• The data
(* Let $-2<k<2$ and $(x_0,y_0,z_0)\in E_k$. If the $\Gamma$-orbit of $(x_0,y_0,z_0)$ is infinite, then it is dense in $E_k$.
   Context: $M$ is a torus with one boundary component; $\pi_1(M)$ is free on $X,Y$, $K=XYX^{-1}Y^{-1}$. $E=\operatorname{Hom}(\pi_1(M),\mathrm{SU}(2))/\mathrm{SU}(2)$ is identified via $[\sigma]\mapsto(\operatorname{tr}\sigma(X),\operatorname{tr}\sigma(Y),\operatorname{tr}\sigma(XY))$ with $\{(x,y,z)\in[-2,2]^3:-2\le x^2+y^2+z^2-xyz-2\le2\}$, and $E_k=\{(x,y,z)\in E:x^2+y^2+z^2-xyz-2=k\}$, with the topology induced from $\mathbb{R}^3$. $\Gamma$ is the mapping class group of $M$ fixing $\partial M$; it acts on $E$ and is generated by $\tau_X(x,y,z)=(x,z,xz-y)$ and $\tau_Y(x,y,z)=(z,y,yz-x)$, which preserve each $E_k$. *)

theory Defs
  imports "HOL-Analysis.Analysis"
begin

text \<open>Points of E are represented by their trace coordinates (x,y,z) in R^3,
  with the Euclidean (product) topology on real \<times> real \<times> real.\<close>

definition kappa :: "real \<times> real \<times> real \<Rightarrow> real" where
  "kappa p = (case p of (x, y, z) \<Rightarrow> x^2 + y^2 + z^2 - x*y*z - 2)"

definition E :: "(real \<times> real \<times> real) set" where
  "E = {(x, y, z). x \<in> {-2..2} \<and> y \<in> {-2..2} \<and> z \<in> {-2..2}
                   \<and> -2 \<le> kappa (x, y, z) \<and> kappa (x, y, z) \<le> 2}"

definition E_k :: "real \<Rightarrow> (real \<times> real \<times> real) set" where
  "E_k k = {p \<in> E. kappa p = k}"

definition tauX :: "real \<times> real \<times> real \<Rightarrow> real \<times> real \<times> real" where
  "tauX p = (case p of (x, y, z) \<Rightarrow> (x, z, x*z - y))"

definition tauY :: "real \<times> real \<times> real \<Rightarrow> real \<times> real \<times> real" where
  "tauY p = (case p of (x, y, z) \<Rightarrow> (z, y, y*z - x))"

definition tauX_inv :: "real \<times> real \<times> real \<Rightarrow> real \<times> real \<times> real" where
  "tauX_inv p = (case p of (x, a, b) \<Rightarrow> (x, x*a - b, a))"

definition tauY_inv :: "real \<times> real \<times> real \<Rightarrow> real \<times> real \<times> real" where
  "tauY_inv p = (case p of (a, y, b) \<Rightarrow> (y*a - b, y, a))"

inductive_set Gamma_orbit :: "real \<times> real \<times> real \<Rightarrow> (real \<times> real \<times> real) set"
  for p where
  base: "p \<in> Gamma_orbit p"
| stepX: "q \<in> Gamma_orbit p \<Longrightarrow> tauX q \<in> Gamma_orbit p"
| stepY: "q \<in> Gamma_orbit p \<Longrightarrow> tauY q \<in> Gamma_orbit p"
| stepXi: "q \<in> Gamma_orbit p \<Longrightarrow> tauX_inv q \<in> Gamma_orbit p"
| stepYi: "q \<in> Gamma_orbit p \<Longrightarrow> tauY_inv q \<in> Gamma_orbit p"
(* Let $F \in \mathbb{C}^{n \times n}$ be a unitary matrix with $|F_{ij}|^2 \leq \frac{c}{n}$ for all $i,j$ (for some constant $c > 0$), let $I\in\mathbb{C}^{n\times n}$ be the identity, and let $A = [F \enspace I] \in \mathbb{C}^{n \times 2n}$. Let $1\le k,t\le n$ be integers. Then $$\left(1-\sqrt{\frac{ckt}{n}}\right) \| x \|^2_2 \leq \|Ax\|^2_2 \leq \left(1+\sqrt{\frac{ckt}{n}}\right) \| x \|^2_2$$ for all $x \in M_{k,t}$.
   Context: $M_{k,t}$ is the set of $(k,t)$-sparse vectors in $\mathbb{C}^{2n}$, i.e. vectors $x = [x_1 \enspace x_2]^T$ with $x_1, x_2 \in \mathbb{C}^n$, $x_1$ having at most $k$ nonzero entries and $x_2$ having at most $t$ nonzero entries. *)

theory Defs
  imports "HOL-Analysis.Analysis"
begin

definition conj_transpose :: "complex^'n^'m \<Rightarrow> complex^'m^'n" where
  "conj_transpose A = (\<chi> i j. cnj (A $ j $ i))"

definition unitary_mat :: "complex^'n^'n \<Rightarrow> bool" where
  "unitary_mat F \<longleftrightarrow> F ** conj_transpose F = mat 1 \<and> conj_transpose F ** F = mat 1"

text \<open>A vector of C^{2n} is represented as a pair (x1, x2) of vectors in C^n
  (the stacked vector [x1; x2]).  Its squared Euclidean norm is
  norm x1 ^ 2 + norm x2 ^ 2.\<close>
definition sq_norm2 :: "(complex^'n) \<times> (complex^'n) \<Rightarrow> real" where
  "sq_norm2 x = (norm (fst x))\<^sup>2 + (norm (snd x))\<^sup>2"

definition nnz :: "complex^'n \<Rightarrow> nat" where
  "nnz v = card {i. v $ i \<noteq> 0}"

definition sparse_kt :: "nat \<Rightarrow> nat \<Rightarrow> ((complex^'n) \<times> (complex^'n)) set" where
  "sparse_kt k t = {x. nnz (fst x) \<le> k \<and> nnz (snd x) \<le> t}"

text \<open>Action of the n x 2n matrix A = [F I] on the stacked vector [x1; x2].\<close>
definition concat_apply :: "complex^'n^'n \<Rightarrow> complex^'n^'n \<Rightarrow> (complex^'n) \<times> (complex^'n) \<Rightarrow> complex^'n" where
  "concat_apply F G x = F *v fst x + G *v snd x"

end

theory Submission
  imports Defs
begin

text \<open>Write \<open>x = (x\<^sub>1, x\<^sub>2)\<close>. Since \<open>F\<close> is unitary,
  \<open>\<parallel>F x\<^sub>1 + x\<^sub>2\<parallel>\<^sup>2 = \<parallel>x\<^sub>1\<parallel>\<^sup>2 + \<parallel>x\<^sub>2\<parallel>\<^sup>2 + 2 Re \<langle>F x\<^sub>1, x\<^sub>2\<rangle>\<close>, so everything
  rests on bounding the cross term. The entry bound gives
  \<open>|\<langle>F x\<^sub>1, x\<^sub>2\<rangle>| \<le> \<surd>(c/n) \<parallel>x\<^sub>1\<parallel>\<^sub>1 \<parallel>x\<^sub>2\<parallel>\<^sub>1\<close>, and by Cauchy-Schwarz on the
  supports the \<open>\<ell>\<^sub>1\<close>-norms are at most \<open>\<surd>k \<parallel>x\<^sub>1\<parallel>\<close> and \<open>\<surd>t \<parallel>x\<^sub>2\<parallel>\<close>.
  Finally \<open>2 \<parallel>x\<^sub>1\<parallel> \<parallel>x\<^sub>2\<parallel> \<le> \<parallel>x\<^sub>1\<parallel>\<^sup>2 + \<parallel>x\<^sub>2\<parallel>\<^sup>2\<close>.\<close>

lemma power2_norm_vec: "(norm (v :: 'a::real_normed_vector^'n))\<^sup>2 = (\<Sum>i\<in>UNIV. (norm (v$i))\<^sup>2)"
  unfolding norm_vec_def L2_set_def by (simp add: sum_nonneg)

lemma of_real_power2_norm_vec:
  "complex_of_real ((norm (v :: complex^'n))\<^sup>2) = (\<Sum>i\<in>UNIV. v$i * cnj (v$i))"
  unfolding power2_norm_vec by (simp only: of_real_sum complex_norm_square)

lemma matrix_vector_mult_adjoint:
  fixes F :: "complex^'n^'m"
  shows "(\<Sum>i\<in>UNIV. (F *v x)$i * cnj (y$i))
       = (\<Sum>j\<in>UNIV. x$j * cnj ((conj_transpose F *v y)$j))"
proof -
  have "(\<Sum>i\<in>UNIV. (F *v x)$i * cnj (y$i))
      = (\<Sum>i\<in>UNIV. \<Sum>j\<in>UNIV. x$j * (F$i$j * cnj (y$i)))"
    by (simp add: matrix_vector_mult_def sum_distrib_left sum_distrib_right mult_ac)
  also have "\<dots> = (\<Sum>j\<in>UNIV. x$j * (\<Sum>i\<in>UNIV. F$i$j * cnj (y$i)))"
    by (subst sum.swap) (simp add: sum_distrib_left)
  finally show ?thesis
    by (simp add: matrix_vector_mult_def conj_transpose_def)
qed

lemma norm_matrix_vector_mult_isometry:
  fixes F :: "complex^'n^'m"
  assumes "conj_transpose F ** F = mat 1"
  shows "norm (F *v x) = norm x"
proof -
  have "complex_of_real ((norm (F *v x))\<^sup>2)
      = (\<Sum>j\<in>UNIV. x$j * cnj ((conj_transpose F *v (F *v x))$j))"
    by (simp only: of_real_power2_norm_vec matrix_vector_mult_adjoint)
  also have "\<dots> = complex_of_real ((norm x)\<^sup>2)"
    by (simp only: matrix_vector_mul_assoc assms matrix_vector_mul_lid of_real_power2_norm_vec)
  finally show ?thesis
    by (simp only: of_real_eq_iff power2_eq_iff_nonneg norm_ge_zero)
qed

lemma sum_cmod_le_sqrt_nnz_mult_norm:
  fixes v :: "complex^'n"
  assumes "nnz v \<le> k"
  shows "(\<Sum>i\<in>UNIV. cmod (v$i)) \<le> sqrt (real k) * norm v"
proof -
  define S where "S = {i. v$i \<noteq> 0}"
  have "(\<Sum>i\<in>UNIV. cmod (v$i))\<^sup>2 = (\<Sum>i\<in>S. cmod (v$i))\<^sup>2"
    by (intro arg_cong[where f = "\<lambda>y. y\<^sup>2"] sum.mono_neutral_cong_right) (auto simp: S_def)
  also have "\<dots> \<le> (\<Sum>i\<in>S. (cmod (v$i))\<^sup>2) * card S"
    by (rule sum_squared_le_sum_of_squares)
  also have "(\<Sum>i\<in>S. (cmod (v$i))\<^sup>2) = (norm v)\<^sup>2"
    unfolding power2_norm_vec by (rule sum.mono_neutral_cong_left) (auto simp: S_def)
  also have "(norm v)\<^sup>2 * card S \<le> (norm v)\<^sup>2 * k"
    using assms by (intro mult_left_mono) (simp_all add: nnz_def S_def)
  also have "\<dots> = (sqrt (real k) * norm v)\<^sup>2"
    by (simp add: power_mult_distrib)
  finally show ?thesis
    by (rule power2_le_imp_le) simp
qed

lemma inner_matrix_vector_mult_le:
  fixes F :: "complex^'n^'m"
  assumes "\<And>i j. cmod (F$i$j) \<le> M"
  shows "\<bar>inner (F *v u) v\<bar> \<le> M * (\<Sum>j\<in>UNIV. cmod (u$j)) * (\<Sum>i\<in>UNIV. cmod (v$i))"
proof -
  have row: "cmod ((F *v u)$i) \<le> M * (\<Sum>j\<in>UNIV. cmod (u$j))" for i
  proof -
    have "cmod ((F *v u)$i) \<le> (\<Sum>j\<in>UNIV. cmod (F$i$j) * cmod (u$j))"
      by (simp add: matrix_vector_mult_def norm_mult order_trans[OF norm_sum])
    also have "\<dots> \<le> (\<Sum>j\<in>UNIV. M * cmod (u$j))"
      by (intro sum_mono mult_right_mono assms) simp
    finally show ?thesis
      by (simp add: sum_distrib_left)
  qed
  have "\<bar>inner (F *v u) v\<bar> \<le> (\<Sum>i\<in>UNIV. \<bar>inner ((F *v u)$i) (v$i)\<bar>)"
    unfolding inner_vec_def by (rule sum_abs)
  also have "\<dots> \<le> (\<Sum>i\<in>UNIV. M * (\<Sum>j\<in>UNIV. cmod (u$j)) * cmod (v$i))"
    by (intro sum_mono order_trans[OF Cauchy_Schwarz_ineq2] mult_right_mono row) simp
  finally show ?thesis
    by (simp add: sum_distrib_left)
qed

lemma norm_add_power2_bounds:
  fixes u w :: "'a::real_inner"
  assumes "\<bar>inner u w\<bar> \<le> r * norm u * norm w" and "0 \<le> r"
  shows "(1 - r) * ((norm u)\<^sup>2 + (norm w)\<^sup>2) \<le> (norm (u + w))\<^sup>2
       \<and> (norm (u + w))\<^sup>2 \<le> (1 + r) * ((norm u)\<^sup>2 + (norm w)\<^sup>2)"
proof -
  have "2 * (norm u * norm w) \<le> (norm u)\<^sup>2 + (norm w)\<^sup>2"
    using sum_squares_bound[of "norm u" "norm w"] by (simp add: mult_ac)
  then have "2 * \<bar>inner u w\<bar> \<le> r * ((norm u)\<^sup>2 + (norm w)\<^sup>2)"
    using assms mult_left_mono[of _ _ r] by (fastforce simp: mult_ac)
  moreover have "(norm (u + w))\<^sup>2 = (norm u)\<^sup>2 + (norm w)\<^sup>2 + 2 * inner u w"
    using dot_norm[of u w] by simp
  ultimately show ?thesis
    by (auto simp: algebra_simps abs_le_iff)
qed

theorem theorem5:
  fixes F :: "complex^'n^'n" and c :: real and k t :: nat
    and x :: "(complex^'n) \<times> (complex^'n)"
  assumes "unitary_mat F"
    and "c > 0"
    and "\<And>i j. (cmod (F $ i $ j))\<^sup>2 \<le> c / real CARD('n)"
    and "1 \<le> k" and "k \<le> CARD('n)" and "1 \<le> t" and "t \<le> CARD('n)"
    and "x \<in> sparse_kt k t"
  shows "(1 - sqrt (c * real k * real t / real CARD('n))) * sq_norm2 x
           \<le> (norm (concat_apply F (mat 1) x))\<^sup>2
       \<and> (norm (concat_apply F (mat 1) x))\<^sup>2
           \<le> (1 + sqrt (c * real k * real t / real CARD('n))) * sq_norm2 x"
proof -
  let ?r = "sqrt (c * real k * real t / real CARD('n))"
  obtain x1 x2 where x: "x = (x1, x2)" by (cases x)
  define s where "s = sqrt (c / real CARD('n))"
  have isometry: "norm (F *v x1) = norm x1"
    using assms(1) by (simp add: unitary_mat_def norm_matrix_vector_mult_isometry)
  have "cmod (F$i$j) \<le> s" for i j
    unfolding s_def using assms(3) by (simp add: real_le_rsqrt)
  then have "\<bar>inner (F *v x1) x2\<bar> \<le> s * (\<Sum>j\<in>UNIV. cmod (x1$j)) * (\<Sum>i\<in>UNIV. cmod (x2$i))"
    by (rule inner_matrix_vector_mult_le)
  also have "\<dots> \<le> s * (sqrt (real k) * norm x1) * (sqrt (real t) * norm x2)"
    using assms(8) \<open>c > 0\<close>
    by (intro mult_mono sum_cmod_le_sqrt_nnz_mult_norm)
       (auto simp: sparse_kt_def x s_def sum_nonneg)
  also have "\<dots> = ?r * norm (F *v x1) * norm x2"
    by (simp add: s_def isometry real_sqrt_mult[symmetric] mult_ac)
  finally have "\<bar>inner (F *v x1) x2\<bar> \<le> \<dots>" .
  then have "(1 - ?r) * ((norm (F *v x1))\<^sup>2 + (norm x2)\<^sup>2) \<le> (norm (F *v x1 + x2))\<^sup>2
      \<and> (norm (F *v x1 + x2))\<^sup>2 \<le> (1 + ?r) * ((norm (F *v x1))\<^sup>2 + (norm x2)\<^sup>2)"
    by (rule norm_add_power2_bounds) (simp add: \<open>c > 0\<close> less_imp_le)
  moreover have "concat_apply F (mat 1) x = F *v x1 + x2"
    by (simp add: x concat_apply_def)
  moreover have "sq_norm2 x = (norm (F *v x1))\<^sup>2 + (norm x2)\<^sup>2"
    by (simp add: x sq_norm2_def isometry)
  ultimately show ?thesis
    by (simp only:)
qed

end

• The task
Retype exactly the lines above, from the one with "v $ i \<noteq>" through the one with "text \<open>Action of", inclusive.

• Answer for the task
  "nnz v = card {i. v $ i \<noteq> 0}"

definition sparse_kt :: "nat \<Rightarrow> nat \<Rightarrow> ((complex^'n) \<times> (complex^'n)) set" where
  "sparse_kt k t = {x. nnz (fst x) \<le> k \<and> nnz (snd x) \<le> t}"

text \<open>Action of the n x 2n matrix A = [F I] on the stacked vector [x1; x2].\<close>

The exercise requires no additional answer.